- _PROBLEM REQUIREMENTS_:
Print, exactly as they appear in the listing below, the lines from the line with "by (auto simp: parallel_def vecs_def)" to the line with "b). \<forall>k. x", with both end lines kept.

- _MATERIAL PROVIDED_:
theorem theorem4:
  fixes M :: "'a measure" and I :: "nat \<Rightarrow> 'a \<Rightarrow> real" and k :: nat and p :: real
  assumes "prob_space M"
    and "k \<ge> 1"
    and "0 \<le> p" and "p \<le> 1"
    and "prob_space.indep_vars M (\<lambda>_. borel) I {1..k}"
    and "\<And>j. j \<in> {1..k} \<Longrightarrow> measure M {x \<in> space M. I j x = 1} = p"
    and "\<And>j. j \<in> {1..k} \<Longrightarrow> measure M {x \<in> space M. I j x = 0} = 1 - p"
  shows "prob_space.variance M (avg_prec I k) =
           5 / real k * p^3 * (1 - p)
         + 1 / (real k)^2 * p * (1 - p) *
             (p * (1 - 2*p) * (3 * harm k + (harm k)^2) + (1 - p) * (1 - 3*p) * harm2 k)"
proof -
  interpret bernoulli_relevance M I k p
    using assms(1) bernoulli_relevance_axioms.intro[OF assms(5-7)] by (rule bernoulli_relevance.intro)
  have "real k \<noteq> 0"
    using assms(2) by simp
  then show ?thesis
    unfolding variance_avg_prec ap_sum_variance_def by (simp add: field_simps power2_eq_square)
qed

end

==

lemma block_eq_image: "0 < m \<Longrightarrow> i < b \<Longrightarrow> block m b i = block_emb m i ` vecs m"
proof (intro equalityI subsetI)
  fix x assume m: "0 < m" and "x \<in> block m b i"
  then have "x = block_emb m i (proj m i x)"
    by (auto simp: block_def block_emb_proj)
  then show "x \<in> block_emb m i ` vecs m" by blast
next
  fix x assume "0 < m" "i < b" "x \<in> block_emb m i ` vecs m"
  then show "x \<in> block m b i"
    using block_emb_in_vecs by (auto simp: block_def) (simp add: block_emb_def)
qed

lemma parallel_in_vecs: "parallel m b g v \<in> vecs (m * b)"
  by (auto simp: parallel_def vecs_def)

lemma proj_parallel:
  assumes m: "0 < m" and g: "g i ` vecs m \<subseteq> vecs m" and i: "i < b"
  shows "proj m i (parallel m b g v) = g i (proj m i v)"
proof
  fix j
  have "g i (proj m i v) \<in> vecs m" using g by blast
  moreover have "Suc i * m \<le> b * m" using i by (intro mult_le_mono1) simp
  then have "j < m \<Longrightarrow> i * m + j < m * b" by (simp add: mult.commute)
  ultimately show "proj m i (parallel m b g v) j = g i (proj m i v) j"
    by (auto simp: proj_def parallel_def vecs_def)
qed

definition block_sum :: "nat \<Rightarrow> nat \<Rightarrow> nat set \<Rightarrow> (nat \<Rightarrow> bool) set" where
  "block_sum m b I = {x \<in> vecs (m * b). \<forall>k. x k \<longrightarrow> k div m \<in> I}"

- _SOLUTION FOR THIS TASK_:
  by (auto simp: parallel_def vecs_def)

lemma proj_parallel:
  assumes m: "0 < m" and g: "g i ` vecs m \<subseteq> vecs m" and i: "i < b"
  shows "proj m i (parallel m b g v) = g i (proj m i v)"
proof
  fix j
  have "g i (proj m i v) \<in> vecs m" using g by blast
  moreover have "Suc i * m \<le> b * m" using i by (intro mult_le_mono1) simp
  then have "j < m \<Longrightarrow> i * m + j < m * b" by (simp add: mult.commute)
  ultimately show "proj m i (parallel m b g v) j = g i (proj m i v) j"
    by (auto simp: proj_def parallel_def vecs_def)
qed

definition block_sum :: "nat \<Rightarrow> nat \<Rightarrow> nat set \<Rightarrow> (nat \<Rightarrow> bool) set" where
  "block_sum m b I = {x \<in> vecs (m * b). \<forall>k. x k \<longrightarrow> k div m \<in> I}"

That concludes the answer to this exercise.